*** Input material Section Begins ***
(* Let $U\subset\mathbb R^n$ be a smooth bounded domain and $H:\mathbb R^n\to\mathbb R$ satisfy: (H1) $H$ is smooth and $H(0)<0$; (H2) $\lim_{|p|\to\infty}H(p)/|p|=\infty$; (H3) there exist $\gamma,\delta>0$ with $DH(p)\cdot p-\gamma H(p)\ge\delta$ for all $p\in\mathbb R^n$. For $0<\epsilon<1$ let $u^{\epsilon}$ be the solution of $H(Du^{\epsilon})=\epsilon\Delta u^{\epsilon}$ in $U$, $u^{\epsilon}=0$ on $\partial U$. Then there is a constant $C$ independent of $\epsilon$ such that $\|u^{\epsilon}\|_{L^\infty(U)}\le C$ and $\|Du^{\epsilon}\|_{L^\infty(U)}\le C$. *)

theory Defs
  imports "HOL-Analysis.Analysis"
begin

definition partial_deriv :: "'n::finite \<Rightarrow> (real^'n \<Rightarrow> real) \<Rightarrow> real^'n \<Rightarrow> real" where
  "partial_deriv i f x = deriv (\<lambda>t. f (x + t *\<^sub>R axis i 1)) 0"

definition grad :: "(real^'n::finite \<Rightarrow> real) \<Rightarrow> real^'n \<Rightarrow> real^'n" where
  "grad f x = (\<chi> i. partial_deriv i f x)"

definition laplacian :: "(real^'n::finite \<Rightarrow> real) \<Rightarrow> real^'n \<Rightarrow> real" where
  "laplacian f x = (\<Sum>i\<in>UNIV. partial_deriv i (partial_deriv i f) x)"

fun C_k_on :: "nat \<Rightarrow> (real^'n::finite) set \<Rightarrow> (real^'n \<Rightarrow> real) \<Rightarrow> bool" where
  "C_k_on 0 S f = continuous_on S f"
| "C_k_on (Suc k) S f = (f differentiable_on S \<and> continuous_on S f \<and>
      (\<forall>i. C_k_on k S (partial_deriv i f)))"

definition smooth_on :: "(real^'n::finite) set \<Rightarrow> (real^'n \<Rightarrow> real) \<Rightarrow> bool" where
  "smooth_on S f = (\<forall>k. C_k_on k S f)"

definition smooth_bounded_domain :: "(real^'n::finite) set \<Rightarrow> bool" where
  "smooth_bounded_domain U = (open U \<and> connected U \<and> U \<noteq> {} \<and> bounded U \<and>
     (\<forall>x\<in>frontier U. \<exists>r>0. \<exists>\<phi>. smooth_on (ball x r) \<phi> \<and>
        (\<forall>y\<in>ball x r. grad \<phi> y \<noteq> 0) \<and>
        U \<inter> ball x r = {y\<in>ball x r. \<phi> y < 0}))"

definition is_solution :: "(real^'n::finite \<Rightarrow> real) \<Rightarrow> real \<Rightarrow> (real^'n) set \<Rightarrow> (real^'n \<Rightarrow> real) \<Rightarrow> bool" where
  "is_solution H eps U u = (C_k_on 2 U u \<and> continuous_on (closure U) u \<and>
     (\<forall>x\<in>frontier U. u x = 0) \<and>
     (\<forall>x\<in>U. H (grad u x) = eps * laplacian u x))"

end

theory Submission
  imports Defs
begin

text \<open>Every \<open>u\<^sup>\<epsilon>\<close> is nonnegative, since \<open>H(0) < 0\<close> forbids an interior minimum. As \<open>U\<close> satisfies a
  uniform exterior ball condition, a barrier \<open>K (\<rho>\<^sup>-\<^sup>2\<^sup>N - |y - z|\<^sup>-\<^sup>2\<^sup>N)\<close> centred outside \<open>U\<close>, with \<open>K\<close>
  so large that \<open>H > 0\<close> at its gradients, dominates \<open>u\<^sup>\<epsilon>\<close>; this gives \<open>u\<^sup>\<epsilon>(y) \<le> C |y - x\<^sub>0|\<close> for
  every boundary point \<open>x\<^sub>0\<close>. In the interior one compares \<open>(\<mu>/k) u\<^sup>\<epsilon>(k y)\<close>, \<open>k = \<mu>\<^bsup>\<gamma>-1\<^esup>\<close>, with
  the translate \<open>u\<^sup>\<epsilon>(h + y)\<close>: by (H3) the former is a strict subsolution, so the difference is
  largest on the boundary, where the boundary estimate controls it. Letting \<open>\<mu> \<rightarrow> 1\<close> gives
  \<open>|u\<^sup>\<epsilon>(x) - u\<^sup>\<epsilon>(x + h)| \<le> C |h|\<close>, hence the gradient bound; the constants depend only on
  \<open>H\<close> and \<open>U\<close>.\<close>

lemma has_derivative_along_line:
  fixes f :: "real^'n \<Rightarrow> real"
  assumes "(f has_derivative f') (at y)"
  shows "((\<lambda>t. f (y + t *\<^sub>R e)) has_real_derivative f' e) (at 0)"
proof -
  have lin: "linear f'" using assms has_derivative_linear by blast
  have "((\<lambda>t. y + t *\<^sub>R e) has_derivative (\<lambda>t. t *\<^sub>R e)) (at 0)"
    by (auto intro!: derivative_eq_intros)
  then have "((\<lambda>t. f (y + t *\<^sub>R e)) has_derivative (\<lambda>t. f' (t *\<^sub>R e))) (at 0)"
    using has_derivative_compose[of "\<lambda>t. y + t *\<^sub>R e" _ 0 UNIV f f'] assms by simp
  moreover have "(\<lambda>t. f' (t *\<^sub>R e)) = (*) (f' e)"
    using linear_cmul[OF lin] by (auto simp: mult.commute)
  ultimately show ?thesis by (simp add: has_field_derivative_def)
qed

lemma grad_inner_axis: "grad f y \<bullet> axis i 1 = partial_deriv i f y"
  by (simp add: grad_def inner_axis)

lemma grad_inner_eq_sum: "grad f p \<bullet> d = (\<Sum>i\<in>UNIV. d $ i * partial_deriv i f p)"
  by (simp add: grad_def inner_vec_def mult.commute)

lemma has_derivative_eq_grad_inner:
  fixes f :: "real^'n \<Rightarrow> real"
  assumes "(f has_derivative f') (at y)"
  shows "f' e = grad f y \<bullet> e"
proof -
  have lin: "linear f'" using assms has_derivative_linear by blast
  have pd: "partial_deriv i f y = f' (axis i 1)" for i
    unfolding partial_deriv_def using has_derivative_along_line[OF assms] DERIV_imp_deriv by blast
  have "f' e = f' (\<Sum>i\<in>UNIV. (e$i) *s axis i 1)" by (simp add: basis_expansion)
  also have "\<dots> = (\<Sum>i\<in>UNIV. e$i * f' (axis i 1))"
    using lin by (simp add: linear_sum linear_cmul scalar_mult_eq_scaleR)
  finally show ?thesis by (simp add: grad_inner_eq_sum pd)
qed

lemma has_real_derivative_along_line_grad:
  fixes f :: "real^'n \<Rightarrow> real"
  assumes "f differentiable (at (x + s *\<^sub>R e))"
  shows "((\<lambda>t. f (x + t *\<^sub>R e)) has_real_derivative (grad f (x + s *\<^sub>R e) \<bullet> e)) (at s)"
proof -
  obtain f' where d: "(f has_derivative f') (at (x + s *\<^sub>R e))"
    using assms differentiable_def by blast
  have "((\<lambda>t. f ((x + s *\<^sub>R e) + t *\<^sub>R e)) has_real_derivative (grad f (x + s *\<^sub>R e) \<bullet> e)) (at 0)"
    using has_derivative_along_line[OF d] has_derivative_eq_grad_inner[OF d] by simp
  then have "((\<lambda>t. f (x + (t + s) *\<^sub>R e)) has_real_derivative (grad f (x + s *\<^sub>R e) \<bullet> e)) (at 0)"
    by (simp add: algebra_simps)
  then show ?thesis using DERIV_shift[of "\<lambda>t. f (x + t *\<^sub>R e)" _ 0 s] by simp
qed

lemma C2_on_open_differentiable:
  fixes u :: "real^'n \<Rightarrow> real"
  assumes "C_k_on 2 U u" "open U" "y \<in> U"
  shows "u differentiable (at y)" "partial_deriv i u differentiable (at y)"
  using assms differentiable_on_eq_differentiable_at by (auto simp: numeral_2_eq_2)

section \<open>Comparison at interior extrema\<close>

lemma DERIV_local_max_second_order:
  fixes g g' :: "real \<Rightarrow> real"
  assumes "\<delta> > 0" and der: "\<And>t. \<bar>t\<bar> < \<delta> \<Longrightarrow> (g has_real_derivative g' t) (at t)"
    and der2: "(g' has_real_derivative d) (at 0)"
    and max: "\<And>t. \<bar>t\<bar> < \<delta> \<Longrightarrow> g t \<le> g 0"
  shows "g' 0 = 0 \<and> d \<le> 0"
proof
  show g'0: "g' 0 = 0"
    using DERIV_local_max[OF der[of 0] \<open>\<delta> > 0\<close>] max \<open>\<delta> > 0\<close> by auto
  show "d \<le> 0"
  proof (rule ccontr)
    assume "\<not> d \<le> 0"
    then obtain d1 where d1: "d1 > 0" "\<And>h. h > 0 \<Longrightarrow> h < d1 \<Longrightarrow> g' 0 < g' (0 + h)"
      using DERIV_pos_inc_right[OF der2] by force
    define h where "h = min d1 \<delta> / 2"
    have h: "h > 0" "h < d1" "h < \<delta>" using d1 \<open>\<delta> > 0\<close> by (auto simp: h_def)
    then obtain z where z: "0 < z" "z < h" "g h - g 0 = h * g' z"
      using MVT2[of 0 h g g'] der by auto
    have "g' z > 0" using d1(2)[of z] z h g'0 by auto
    then have "g h > g 0" using z h by (simp add: algebra_simps)
    then show False using max[of h] h by auto
  qed
qed

text \<open>Solutions are only twice differentiable inside \<open>U\<close>, whereas the comparison functions
  below are explicit; they are compared through the first and second derivatives \<open>g\<close>, \<open>d\<close>
  of their restrictions to coordinate lines.\<close>

definition coord_derivs2 ::
    "(real^'n \<Rightarrow> real) \<Rightarrow> real^'n \<Rightarrow> 'n \<Rightarrow> (real \<Rightarrow> real) \<Rightarrow> real \<Rightarrow> bool" where
  "coord_derivs2 f x i g d \<longleftrightarrow>
     (\<exists>\<delta>>0. \<forall>t. \<bar>t\<bar> < \<delta> \<longrightarrow> ((\<lambda>s. f (x + s *\<^sub>R axis i 1)) has_real_derivative g t) (at t)) \<and>
     (g has_real_derivative d) (at 0)"

lemma coord_derivs2_const: "coord_derivs2 (\<lambda>y. c) x i (\<lambda>t. 0) 0"
  unfolding coord_derivs2_def by (auto intro: exI[of _ 1])

lemma coord_derivs2_local_max_diff:
  assumes max: "\<exists>\<delta>>0. \<forall>y. dist y x < \<delta> \<longrightarrow> f1 y - f2 y \<le> f1 x - f2 x"
    and f1: "coord_derivs2 f1 x i g1 d1" and f2: "coord_derivs2 f2 x i g2 d2"
  shows "g1 0 = g2 0 \<and> d1 \<le> d2"
proof -
  obtain \<delta>0 where \<delta>0: "\<delta>0 > 0" "\<forall>y. dist y x < \<delta>0 \<longrightarrow> f1 y - f2 y \<le> f1 x - f2 x"
    using max by blast
  obtain \<delta>1 where \<delta>1: "\<delta>1 > 0"
      "\<forall>t. \<bar>t\<bar> < \<delta>1 \<longrightarrow> ((\<lambda>s. f1 (x + s *\<^sub>R axis i 1)) has_real_derivative g1 t) (at t)"
    and e1: "(g1 has_real_derivative d1) (at 0)" using f1 unfolding coord_derivs2_def by blast
  obtain \<delta>2 where \<delta>2: "\<delta>2 > 0"
      "\<forall>t. \<bar>t\<bar> < \<delta>2 \<longrightarrow> ((\<lambda>s. f2 (x + s *\<^sub>R axis i 1)) has_real_derivative g2 t) (at t)"
    and e2: "(g2 has_real_derivative d2) (at 0)" using f2 unfolding coord_derivs2_def by blast
  define \<delta> where "\<delta> = min \<delta>0 (min \<delta>1 \<delta>2)"
  have "\<delta> > 0" using \<delta>0 \<delta>1 \<delta>2 by (simp add: \<delta>_def)
  have "g1 0 - g2 0 = 0 \<and> d1 - d2 \<le> 0"
  proof (rule DERIV_local_max_second_order[OF \<open>\<delta> > 0\<close>,
        where g = "\<lambda>s. f1 (x + s *\<^sub>R axis i 1) - f2 (x + s *\<^sub>R axis i 1)"])
    fix t :: real assume t: "\<bar>t\<bar> < \<delta>"
    show "((\<lambda>s. f1 (x + s *\<^sub>R axis i 1) - f2 (x + s *\<^sub>R axis i 1)) has_real_derivative
        g1 t - g2 t) (at t)"
      using \<delta>1 \<delta>2 t by (auto simp: \<delta>_def intro!: DERIV_diff)
    have "dist (x + t *\<^sub>R axis i 1) x = \<bar>t\<bar>" by (simp add: dist_norm norm_axis_1)
    then show "f1 (x + t *\<^sub>R axis i 1) - f2 (x + t *\<^sub>R axis i 1)
        \<le> f1 (x + 0 *\<^sub>R axis i 1) - f2 (x + 0 *\<^sub>R axis i 1)"
      using \<delta>0 t by (auto simp: \<delta>_def)
  qed (use e1 e2 in \<open>rule DERIV_diff\<close>)
  then show ?thesis by simp
qed

lemma coord_derivs2_C2:
  fixes u :: "real^'n \<Rightarrow> real"
  assumes u: "C_k_on 2 U u" and U: "open U" "x \<in> U" and eq: "\<forall>y\<in>U. f y = u y"
  shows "coord_derivs2 f x i (\<lambda>t. partial_deriv i u (x + t *\<^sub>R axis i 1))
           (partial_deriv i (partial_deriv i u) x)"
  unfolding coord_derivs2_def
proof
  obtain \<delta> where \<delta>: "\<delta> > 0" "ball x \<delta> \<subseteq> U" using U openE by blast
  have "open ((\<lambda>s::real. x + s *\<^sub>R axis i 1) -` U)"
    by (rule open_vimage[OF U(1)]) (auto intro!: continuous_intros)
  then have T: "open {s::real. x + s *\<^sub>R axis i 1 \<in> U}" by (simp add: vimage_def)
  show "\<exists>\<delta>>0. \<forall>t. \<bar>t\<bar> < \<delta> \<longrightarrow> ((\<lambda>s. f (x + s *\<^sub>R axis i 1)) has_real_derivative
      partial_deriv i u (x + t *\<^sub>R axis i 1)) (at t)"
  proof (intro exI[of _ \<delta>] conjI allI impI)
    fix t :: real assume t: "\<bar>t\<bar> < \<delta>"
    have "dist x (x + t *\<^sub>R axis i 1) = \<bar>t\<bar>" by (simp add: dist_norm)
    then have xt: "x + t *\<^sub>R axis i 1 \<in> U" using \<delta> t by auto
    have "((\<lambda>s. u (x + s *\<^sub>R axis i 1)) has_real_derivative partial_deriv i u (x + t *\<^sub>R axis i 1)) (at t)"
      using has_real_derivative_along_line_grad[of u x t "axis i 1"]
        C2_on_open_differentiable[OF u U(1) xt] by (simp add: grad_inner_axis)
    then show "((\<lambda>s. f (x + s *\<^sub>R axis i 1)) has_real_derivative
        partial_deriv i u (x + t *\<^sub>R axis i 1)) (at t)"
      by (rule has_field_derivative_transform_within_open[OF _ T]) (use xt eq in auto)
  qed (use \<delta> in auto)
  show "((\<lambda>t. partial_deriv i u (x + t *\<^sub>R axis i 1)) has_real_derivative
      partial_deriv i (partial_deriv i u) x) (at 0)"
    using has_real_derivative_along_line_grad[of "partial_deriv i u" x 0 "axis i 1"]
      C2_on_open_differentiable[OF u U] by (simp add: grad_inner_axis)
qed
*** Input material Section Ends ***
#### What the task asks:
Please return every line of the records that contains the word "finite".

#### Written response:
definition partial_deriv :: "'n::finite \<Rightarrow> (real^'n \<Rightarrow> real) \<Rightarrow> real^'n \<Rightarrow> real" where
definition grad :: "(real^'n::finite \<Rightarrow> real) \<Rightarrow> real^'n \<Rightarrow> real^'n" where
definition laplacian :: "(real^'n::finite \<Rightarrow> real) \<Rightarrow> real^'n \<Rightarrow> real" where
fun C_k_on :: "nat \<Rightarrow> (real^'n::finite) set \<Rightarrow> (real^'n \<Rightarrow> real) \<Rightarrow> bool" where
definition smooth_on :: "(real^'n::finite) set \<Rightarrow> (real^'n \<Rightarrow> real) \<Rightarrow> bool" where
definition smooth_bounded_domain :: "(real^'n::finite) set \<Rightarrow> bool" where
definition is_solution :: "(real^'n::finite \<Rightarrow> real) \<Rightarrow> real \<Rightarrow> (real^'n) set \<Rightarrow> (real^'n \<Rightarrow> real) \<Rightarrow> bool" where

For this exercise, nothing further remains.